(* Let $\mathcal M=(M,<,+,0,\ldots)$ be a definably complete locally o-minimal expansion of an ordered group. Let $(G,\tau)$ be a definable topological group having the definable curve selection property, $U$ a definable neighborhood of the identity $e$ in $G$, and $C$ a definably compact definable subset of $G$. Then $\bigcap_{h\in C}hUh^{-1}$ is a neighborhood of $e$.
   Context: "Definable" means definable in $\mathcal M$ with parameters. $\mathcal M$ is an expansion of an ordered group with dense order without endpoints; locally o-minimal: for every definable $Y\subseteq M$ and $a\in M$ there is an open interval $I\ni a$ with $Y\cap I$ a finite union of points and open intervals; definably complete: every definable subset of $M$ has sup and inf in $M\cup\{\pm\infty\}$. A definable topological group is a definable group with a topology having a definable open base in which multiplication and inversion are continuous. A definable subset is definably compact if, with the relative topology, every definable filtered family (any two members contain a common member) of nonempty closed subsets has nonempty intersection. A definable curve is a definable, not necessarily continuous, map from an open interval; for $\gamma:(a,b)\to X$, $\operatorname{Conv}_{\mathrm{left}}(\gamma)$ is the set of $x$ such that for every $t\in(a,b)$ and every definable neighborhood $A$ of $x$, $\gamma((a,t))\cap A\ne\emptyset$. A definable topological space $(X,\tau)$ has the definable curve selection property if for every definable $D\subseteq X$ and every $x$ in the frontier $\partial_\tau D$ there is a definable curve $\gamma:(a,b)\to D$ with $a\in M$ and $x\in\operatorname{Conv}_{\mathrm{left}}(\gamma)$. *)

theory Defs
  imports "HOL-Analysis.Analysis" "HOL-Algebra.Group"
begin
○ ○ ○ ○ ○ ○ ○
:: What the task asks ::
All of the records above need to be printed again exactly as they appear.

:: Written answer ::
(* Let $\mathcal M=(M,<,+,0,\ldots)$ be a definably complete locally o-minimal expansion of an ordered group. Let $(G,\tau)$ be a definable topological group having the definable curve selection property, $U$ a definable neighborhood of the identity $e$ in $G$, and $C$ a definably compact definable subset of $G$. Then $\bigcap_{h\in C}hUh^{-1}$ is a neighborhood of $e$.
   Context: "Definable" means definable in $\mathcal M$ with parameters. $\mathcal M$ is an expansion of an ordered group with dense order without endpoints; locally o-minimal: for every definable $Y\subseteq M$ and $a\in M$ there is an open interval $I\ni a$ with $Y\cap I$ a finite union of points and open intervals; definably complete: every definable subset of $M$ has sup and inf in $M\cup\{\pm\infty\}$. A definable topological group is a definable group with a topology having a definable open base in which multiplication and inversion are continuous. A definable subset is definably compact if, with the relative topology, every definable filtered family (any two members contain a common member) of nonempty closed subsets has nonempty intersection. A definable curve is a definable, not necessarily continuous, map from an open interval; for $\gamma:(a,b)\to X$, $\operatorname{Conv}_{\mathrm{left}}(\gamma)$ is the set of $x$ such that for every $t\in(a,b)$ and every definable neighborhood $A$ of $x$, $\gamma((a,t))\cap A\ne\emptyset$. A definable topological space $(X,\tau)$ has the definable curve selection property if for every definable $D\subseteq X$ and every $x$ in the frontier $\partial_\tau D$ there is a definable curve $\gamma:(a,b)\to D$ with $a\in M$ and $x\in\operatorname{Conv}_{\mathrm{left}}(\gamma)$. *)

theory Defs
  imports "HOL-Analysis.Analysis" "HOL-Algebra.Group"
begin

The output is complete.